======== PROVIDED MATERIAL

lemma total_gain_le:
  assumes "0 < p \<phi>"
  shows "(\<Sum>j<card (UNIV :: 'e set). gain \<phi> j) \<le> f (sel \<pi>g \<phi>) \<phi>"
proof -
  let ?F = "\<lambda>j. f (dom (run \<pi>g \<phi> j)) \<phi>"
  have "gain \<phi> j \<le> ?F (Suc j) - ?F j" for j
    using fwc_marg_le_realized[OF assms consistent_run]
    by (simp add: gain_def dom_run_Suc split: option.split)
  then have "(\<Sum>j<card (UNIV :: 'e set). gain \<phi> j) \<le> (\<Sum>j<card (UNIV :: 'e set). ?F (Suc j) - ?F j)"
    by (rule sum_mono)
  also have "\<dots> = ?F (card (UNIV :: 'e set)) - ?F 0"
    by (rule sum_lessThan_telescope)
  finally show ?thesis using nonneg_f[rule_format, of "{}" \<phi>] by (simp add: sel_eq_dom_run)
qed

================
======== PROVIDED MATERIAL

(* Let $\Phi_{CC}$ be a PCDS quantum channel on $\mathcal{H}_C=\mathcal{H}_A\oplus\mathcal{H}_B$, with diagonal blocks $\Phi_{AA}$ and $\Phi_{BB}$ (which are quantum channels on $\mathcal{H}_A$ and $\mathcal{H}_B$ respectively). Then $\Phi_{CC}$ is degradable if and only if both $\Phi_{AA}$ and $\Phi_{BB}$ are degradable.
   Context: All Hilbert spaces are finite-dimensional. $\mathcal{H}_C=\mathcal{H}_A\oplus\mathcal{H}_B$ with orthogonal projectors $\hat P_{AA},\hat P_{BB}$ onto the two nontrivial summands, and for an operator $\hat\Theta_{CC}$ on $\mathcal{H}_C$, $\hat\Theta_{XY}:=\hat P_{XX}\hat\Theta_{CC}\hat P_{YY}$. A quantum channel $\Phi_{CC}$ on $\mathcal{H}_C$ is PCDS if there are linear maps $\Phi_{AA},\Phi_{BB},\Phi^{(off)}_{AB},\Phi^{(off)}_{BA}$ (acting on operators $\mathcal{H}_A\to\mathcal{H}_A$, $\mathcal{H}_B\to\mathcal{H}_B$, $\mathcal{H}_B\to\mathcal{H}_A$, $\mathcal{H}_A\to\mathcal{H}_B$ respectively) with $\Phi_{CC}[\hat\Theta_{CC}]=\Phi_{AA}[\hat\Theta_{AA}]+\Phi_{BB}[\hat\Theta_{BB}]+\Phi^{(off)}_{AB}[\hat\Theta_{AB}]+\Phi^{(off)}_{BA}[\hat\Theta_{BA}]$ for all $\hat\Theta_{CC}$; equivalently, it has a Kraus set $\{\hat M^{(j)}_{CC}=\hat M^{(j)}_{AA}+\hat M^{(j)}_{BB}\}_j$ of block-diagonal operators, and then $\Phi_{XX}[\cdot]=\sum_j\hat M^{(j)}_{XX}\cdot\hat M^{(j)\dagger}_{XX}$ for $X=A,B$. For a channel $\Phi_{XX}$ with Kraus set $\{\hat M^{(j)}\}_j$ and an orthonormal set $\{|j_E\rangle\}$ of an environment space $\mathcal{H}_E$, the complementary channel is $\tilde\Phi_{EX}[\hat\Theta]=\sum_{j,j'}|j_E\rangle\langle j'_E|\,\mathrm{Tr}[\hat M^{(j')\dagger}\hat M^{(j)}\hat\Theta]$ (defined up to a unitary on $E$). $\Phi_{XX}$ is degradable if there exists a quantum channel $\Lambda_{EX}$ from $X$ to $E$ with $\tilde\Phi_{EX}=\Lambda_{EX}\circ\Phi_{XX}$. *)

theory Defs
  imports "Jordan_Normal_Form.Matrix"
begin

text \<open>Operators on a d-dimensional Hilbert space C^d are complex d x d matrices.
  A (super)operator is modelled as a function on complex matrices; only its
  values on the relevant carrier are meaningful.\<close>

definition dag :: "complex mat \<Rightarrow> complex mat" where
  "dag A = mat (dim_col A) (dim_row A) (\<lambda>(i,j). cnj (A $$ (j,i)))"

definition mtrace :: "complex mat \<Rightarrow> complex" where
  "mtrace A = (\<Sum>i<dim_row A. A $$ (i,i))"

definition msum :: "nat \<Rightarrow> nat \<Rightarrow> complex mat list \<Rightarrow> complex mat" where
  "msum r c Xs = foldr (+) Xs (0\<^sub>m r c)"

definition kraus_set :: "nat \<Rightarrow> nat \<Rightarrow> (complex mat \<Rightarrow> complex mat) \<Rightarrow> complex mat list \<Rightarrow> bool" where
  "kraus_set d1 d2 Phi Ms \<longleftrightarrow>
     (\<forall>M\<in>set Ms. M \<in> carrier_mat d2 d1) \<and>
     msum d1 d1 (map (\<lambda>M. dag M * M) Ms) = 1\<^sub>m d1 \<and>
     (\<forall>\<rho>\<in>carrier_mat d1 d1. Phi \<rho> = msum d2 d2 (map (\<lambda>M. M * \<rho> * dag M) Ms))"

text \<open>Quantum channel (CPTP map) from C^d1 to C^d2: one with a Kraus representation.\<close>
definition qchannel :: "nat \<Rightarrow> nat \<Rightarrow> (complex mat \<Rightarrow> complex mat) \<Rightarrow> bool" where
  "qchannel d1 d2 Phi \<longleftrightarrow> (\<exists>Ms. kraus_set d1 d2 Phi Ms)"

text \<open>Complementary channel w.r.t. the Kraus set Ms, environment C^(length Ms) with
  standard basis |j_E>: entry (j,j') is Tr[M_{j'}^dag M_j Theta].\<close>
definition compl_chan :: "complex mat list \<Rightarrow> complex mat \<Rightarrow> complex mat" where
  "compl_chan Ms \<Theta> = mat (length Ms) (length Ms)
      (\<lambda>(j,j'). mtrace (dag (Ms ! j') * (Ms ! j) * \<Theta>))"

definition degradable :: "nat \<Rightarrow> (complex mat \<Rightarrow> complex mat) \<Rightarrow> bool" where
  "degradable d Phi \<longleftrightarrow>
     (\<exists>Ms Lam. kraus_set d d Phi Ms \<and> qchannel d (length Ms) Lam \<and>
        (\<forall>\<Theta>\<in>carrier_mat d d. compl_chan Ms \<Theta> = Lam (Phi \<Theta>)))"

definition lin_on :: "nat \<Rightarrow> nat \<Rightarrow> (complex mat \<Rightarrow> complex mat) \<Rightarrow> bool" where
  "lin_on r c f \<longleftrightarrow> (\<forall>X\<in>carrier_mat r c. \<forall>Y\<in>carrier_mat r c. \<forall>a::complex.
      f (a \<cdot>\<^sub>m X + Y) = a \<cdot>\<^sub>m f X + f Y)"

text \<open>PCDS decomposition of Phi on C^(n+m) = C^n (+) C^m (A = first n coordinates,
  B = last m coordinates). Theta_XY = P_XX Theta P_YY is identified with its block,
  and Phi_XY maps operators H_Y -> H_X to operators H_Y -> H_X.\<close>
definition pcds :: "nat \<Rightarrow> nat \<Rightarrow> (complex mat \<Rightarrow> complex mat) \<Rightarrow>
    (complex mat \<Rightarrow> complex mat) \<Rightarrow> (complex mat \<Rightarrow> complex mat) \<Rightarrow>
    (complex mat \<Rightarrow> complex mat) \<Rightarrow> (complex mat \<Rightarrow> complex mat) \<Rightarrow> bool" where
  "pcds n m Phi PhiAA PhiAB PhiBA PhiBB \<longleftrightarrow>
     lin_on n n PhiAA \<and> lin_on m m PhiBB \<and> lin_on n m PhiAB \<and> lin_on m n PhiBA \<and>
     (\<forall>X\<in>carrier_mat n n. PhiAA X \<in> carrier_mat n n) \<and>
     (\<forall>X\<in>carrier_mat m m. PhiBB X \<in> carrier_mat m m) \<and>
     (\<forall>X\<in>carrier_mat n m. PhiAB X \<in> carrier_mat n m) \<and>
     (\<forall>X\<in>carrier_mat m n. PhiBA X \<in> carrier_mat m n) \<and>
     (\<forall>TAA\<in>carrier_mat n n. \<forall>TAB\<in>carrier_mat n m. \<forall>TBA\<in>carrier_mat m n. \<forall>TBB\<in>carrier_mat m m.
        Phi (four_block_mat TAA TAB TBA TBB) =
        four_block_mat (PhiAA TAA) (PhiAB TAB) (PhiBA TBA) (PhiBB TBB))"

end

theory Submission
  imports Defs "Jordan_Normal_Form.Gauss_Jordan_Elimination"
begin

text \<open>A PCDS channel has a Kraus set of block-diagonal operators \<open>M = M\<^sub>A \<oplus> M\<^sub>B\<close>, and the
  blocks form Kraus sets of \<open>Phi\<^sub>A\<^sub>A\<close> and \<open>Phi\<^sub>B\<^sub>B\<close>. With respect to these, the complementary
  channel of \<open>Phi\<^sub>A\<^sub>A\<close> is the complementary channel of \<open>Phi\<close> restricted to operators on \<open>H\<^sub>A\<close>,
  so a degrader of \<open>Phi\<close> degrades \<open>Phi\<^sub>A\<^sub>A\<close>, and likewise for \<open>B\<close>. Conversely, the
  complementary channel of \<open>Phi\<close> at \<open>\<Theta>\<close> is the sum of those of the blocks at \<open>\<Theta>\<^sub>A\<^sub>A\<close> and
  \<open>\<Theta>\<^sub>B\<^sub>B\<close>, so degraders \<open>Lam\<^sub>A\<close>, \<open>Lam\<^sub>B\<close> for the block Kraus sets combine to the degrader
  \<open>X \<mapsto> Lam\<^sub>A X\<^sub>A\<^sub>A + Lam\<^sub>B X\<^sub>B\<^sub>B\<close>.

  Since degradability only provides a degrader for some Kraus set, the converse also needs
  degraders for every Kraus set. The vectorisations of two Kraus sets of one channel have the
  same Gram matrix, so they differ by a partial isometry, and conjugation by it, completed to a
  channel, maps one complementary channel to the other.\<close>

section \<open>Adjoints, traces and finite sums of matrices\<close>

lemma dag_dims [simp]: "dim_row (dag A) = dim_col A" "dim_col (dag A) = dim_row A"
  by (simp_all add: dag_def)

================
======== PROVIDED MATERIAL

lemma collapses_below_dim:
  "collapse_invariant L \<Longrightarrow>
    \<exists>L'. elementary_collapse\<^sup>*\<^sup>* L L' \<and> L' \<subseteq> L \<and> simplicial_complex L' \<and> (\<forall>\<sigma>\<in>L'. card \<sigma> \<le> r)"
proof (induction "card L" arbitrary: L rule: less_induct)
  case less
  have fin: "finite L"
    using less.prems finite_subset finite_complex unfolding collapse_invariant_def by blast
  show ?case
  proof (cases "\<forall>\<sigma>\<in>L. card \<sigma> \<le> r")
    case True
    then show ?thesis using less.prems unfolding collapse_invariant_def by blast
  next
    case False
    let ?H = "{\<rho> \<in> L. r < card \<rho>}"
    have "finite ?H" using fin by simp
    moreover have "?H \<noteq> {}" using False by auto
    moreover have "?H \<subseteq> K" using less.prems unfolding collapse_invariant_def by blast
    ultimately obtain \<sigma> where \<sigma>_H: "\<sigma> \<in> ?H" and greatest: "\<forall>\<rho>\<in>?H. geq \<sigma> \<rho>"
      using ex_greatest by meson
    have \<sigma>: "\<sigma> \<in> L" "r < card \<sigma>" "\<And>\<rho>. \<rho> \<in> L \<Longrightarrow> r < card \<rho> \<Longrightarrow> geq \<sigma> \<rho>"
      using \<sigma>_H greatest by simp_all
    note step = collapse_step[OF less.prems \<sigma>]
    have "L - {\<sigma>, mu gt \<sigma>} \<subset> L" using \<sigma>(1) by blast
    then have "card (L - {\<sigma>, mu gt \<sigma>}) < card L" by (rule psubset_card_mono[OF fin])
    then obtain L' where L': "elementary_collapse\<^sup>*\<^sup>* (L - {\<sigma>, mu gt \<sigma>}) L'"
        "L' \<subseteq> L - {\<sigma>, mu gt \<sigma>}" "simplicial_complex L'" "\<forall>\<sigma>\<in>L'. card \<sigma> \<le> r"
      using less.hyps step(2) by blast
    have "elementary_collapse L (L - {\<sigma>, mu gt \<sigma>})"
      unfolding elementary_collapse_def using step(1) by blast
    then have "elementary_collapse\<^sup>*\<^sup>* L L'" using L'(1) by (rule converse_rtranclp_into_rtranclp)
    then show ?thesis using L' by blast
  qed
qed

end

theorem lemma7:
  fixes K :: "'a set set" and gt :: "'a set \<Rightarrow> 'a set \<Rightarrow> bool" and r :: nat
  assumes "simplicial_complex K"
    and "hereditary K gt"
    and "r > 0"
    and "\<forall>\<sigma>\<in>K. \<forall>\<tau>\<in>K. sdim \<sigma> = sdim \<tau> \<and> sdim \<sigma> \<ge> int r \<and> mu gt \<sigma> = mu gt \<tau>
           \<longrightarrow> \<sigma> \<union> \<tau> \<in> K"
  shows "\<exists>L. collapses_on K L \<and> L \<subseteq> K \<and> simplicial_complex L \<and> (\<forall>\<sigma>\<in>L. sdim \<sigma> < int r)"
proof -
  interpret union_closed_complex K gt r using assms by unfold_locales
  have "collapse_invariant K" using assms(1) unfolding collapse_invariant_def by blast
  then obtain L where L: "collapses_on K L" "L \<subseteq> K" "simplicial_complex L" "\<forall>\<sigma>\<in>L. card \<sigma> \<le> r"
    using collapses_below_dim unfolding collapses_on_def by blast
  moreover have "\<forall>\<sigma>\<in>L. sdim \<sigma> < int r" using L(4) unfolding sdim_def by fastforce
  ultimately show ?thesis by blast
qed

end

================

WORK INSTRUCTION
All lines above from the line with "f (a \<cdot>\<^sub>m" through the line with "and Phi_XY maps", both included, are to be set down exactly, with nothing else.

RESPONSE AREA
      f (a \<cdot>\<^sub>m X + Y) = a \<cdot>\<^sub>m f X + f Y)"

text \<open>PCDS decomposition of Phi on C^(n+m) = C^n (+) C^m (A = first n coordinates,
  B = last m coordinates). Theta_XY = P_XX Theta P_YY is identified with its block,
  and Phi_XY maps operators H_Y -> H_X to operators H_Y -> H_X.\<close>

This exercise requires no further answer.